#### Data records
lemma sum_degree_level_diff:
  fixes g :: "int \<Rightarrow> int"
  assumes "a \<in> V"
  shows "(\<Sum>b\<in>V. int (degree V E b) * (g (int (gdist V E a b) + 1) - g (int (gdist V E a b))))
    = (\<Sum>b\<in>V - {a}. g (int (gdist V E a b) + 1) - g (int (gdist V E a b) - 1))"
proof -
  let ?here = "\<lambda>b. g (int (gdist V E a b))" and ?above = "\<lambda>b. g (int (gdist V E a b) + 1)"
    and ?below = "\<lambda>b. g (int (gdist V E a b) - 1)"
  have "(\<Sum>b\<in>V. int (degree V E b) * ?here b) = (\<Sum>b\<in>V. \<Sum>c\<in>{c\<in>V. E b c}. ?here c)"
    using sum_neighbours_eq_degree[of V E ?here, OF finite_vertices edge_sym] by simp
  also have "\<dots> = (\<Sum>b\<in>V. int (degree V E b) * ?above b + (if b = a then 0 else ?below b - ?above b))"
    using sum_neighbours_level[OF assms, where g = g] by (intro sum.cong) auto
  also have "\<dots> = (\<Sum>b\<in>V. int (degree V E b) * ?above b) + (\<Sum>b\<in>V - {a}. ?below b - ?above b)"
    using finite_vertices by (simp add: sum.distrib sum.If_cases Diff_eq)
  finally show ?thesis
    by (simp add: right_diff_distrib sum_subtractf)
qed

lemma sum_degree: "(\<Sum>b\<in>V. int (degree V E b)) = 2 * (int (card V) - 1)"
proof -
  obtain a where a: "a \<in> V"
    using nonempty by blast
  moreover have "0 < card V"
    using a finite_vertices card_gt_0_iff by blast
  ultimately show ?thesis
    using sum_degree_level_diff[OF a, of id] finite_vertices by (simp add: of_nat_diff)
qed

lemma sum_degree_gdist:
  assumes "a \<in> V"
  shows "(\<Sum>b\<in>V. int (degree V E b) * int (gdist V E a b))
    = 2 * (\<Sum>b\<in>V. int (gdist V E a b)) - (int (card V) - 1)"
proof -
  have "2 * (\<Sum>b\<in>V. int (degree V E b) * int (gdist V E a b)) + (\<Sum>b\<in>V. int (degree V E b))
      = (\<Sum>b\<in>V. int (degree V E b) * (2 * int (gdist V E a b) + 1))"
    by (simp add: algebra_simps sum.distrib sum_distrib_left)
  also have "\<dots> = (\<Sum>b\<in>V - {a}. 4 * int (gdist V E a b))"
    using sum_degree_level_diff[OF assms, of "\<lambda>x. x\<^sup>2"] by (simp add: power2_eq_square algebra_simps)
  also have "\<dots> = 4 * (\<Sum>b\<in>V. int (gdist V E a b))"
    using finite_vertices assms gdist_self[OF assms] by (simp add: sum.remove sum_distrib_left)
  finally have "2 * (\<Sum>b\<in>V. int (degree V E b) * int (gdist V E a b))
      = 2 * (2 * (\<Sum>b\<in>V. int (gdist V E a b)) - (int (card V) - 1))"
    using sum_degree by (simp add: algebra_simps)
  then show ?thesis
    by simp
qed

lemma sum_degree_row_sum:
  "(\<Sum>a\<in>V. int (degree V E a) * (\<Sum>b\<in>V. int (gdist V E a b)))
    = 2 * (\<Sum>a\<in>V. \<Sum>b\<in>V. int (gdist V E a b)) - int (card V) * (int (card V) - 1)"
proof -
  have "(\<Sum>a\<in>V. int (degree V E a) * (\<Sum>b\<in>V. int (gdist V E a b)))
      = (\<Sum>a\<in>V. \<Sum>b\<in>V. int (degree V E a) * int (gdist V E b a))"
    using gdist_sym[of E V, OF edge_sym] by (simp add: sum_distrib_left)
  also have "\<dots> = (\<Sum>b\<in>V. \<Sum>a\<in>V. int (degree V E a) * int (gdist V E b a))"
    by (rule sum.swap)
  also have "\<dots> = (\<Sum>b\<in>V. 2 * (\<Sum>a\<in>V. int (gdist V E b a)) - (int (card V) - 1))"
    using sum_degree_gdist by (intro sum.cong) auto
  finally show ?thesis
    by (simp add: sum_subtractf sum_distrib_left)
qed

end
########
*Exercise requirements*.
Repeat all the data, every line exactly.

*Result of this exercise*.
lemma sum_degree_level_diff:
  fixes g :: "int \<Rightarrow> int"
  assumes "a \<in> V"
  shows "(\<Sum>b\<in>V. int (degree V E b) * (g (int (gdist V E a b) + 1) - g (int (gdist V E a b))))
    = (\<Sum>b\<in>V - {a}. g (int (gdist V E a b) + 1) - g (int (gdist V E a b) - 1))"
proof -
  let ?here = "\<lambda>b. g (int (gdist V E a b))" and ?above = "\<lambda>b. g (int (gdist V E a b) + 1)"
    and ?below = "\<lambda>b. g (int (gdist V E a b) - 1)"
  have "(\<Sum>b\<in>V. int (degree V E b) * ?here b) = (\<Sum>b\<in>V. \<Sum>c\<in>{c\<in>V. E b c}. ?here c)"
    using sum_neighbours_eq_degree[of V E ?here, OF finite_vertices edge_sym] by simp
  also have "\<dots> = (\<Sum>b\<in>V. int (degree V E b) * ?above b + (if b = a then 0 else ?below b - ?above b))"
    using sum_neighbours_level[OF assms, where g = g] by (intro sum.cong) auto
  also have "\<dots> = (\<Sum>b\<in>V. int (degree V E b) * ?above b) + (\<Sum>b\<in>V - {a}. ?below b - ?above b)"
    using finite_vertices by (simp add: sum.distrib sum.If_cases Diff_eq)
  finally show ?thesis
    by (simp add: right_diff_distrib sum_subtractf)
qed

lemma sum_degree: "(\<Sum>b\<in>V. int (degree V E b)) = 2 * (int (card V) - 1)"
proof -
  obtain a where a: "a \<in> V"
    using nonempty by blast
  moreover have "0 < card V"
    using a finite_vertices card_gt_0_iff by blast
  ultimately show ?thesis
    using sum_degree_level_diff[OF a, of id] finite_vertices by (simp add: of_nat_diff)
qed

lemma sum_degree_gdist:
  assumes "a \<in> V"
  shows "(\<Sum>b\<in>V. int (degree V E b) * int (gdist V E a b))
    = 2 * (\<Sum>b\<in>V. int (gdist V E a b)) - (int (card V) - 1)"
proof -
  have "2 * (\<Sum>b\<in>V. int (degree V E b) * int (gdist V E a b)) + (\<Sum>b\<in>V. int (degree V E b))
      = (\<Sum>b\<in>V. int (degree V E b) * (2 * int (gdist V E a b) + 1))"
    by (simp add: algebra_simps sum.distrib sum_distrib_left)
  also have "\<dots> = (\<Sum>b\<in>V - {a}. 4 * int (gdist V E a b))"
    using sum_degree_level_diff[OF assms, of "\<lambda>x. x\<^sup>2"] by (simp add: power2_eq_square algebra_simps)
  also have "\<dots> = 4 * (\<Sum>b\<in>V. int (gdist V E a b))"
    using finite_vertices assms gdist_self[OF assms] by (simp add: sum.remove sum_distrib_left)
  finally have "2 * (\<Sum>b\<in>V. int (degree V E b) * int (gdist V E a b))
      = 2 * (2 * (\<Sum>b\<in>V. int (gdist V E a b)) - (int (card V) - 1))"
    using sum_degree by (simp add: algebra_simps)
  then show ?thesis
    by simp
qed

lemma sum_degree_row_sum:
  "(\<Sum>a\<in>V. int (degree V E a) * (\<Sum>b\<in>V. int (gdist V E a b)))
    = 2 * (\<Sum>a\<in>V. \<Sum>b\<in>V. int (gdist V E a b)) - int (card V) * (int (card V) - 1)"
proof -
  have "(\<Sum>a\<in>V. int (degree V E a) * (\<Sum>b\<in>V. int (gdist V E a b)))
      = (\<Sum>a\<in>V. \<Sum>b\<in>V. int (degree V E a) * int (gdist V E b a))"
    using gdist_sym[of E V, OF edge_sym] by (simp add: sum_distrib_left)
  also have "\<dots> = (\<Sum>b\<in>V. \<Sum>a\<in>V. int (degree V E a) * int (gdist V E b a))"
    by (rule sum.swap)
  also have "\<dots> = (\<Sum>b\<in>V. 2 * (\<Sum>a\<in>V. int (gdist V E b a)) - (int (card V) - 1))"
    using sum_degree_gdist by (intro sum.cong) auto
  finally show ?thesis
    by (simp add: sum_subtractf sum_distrib_left)
qed

end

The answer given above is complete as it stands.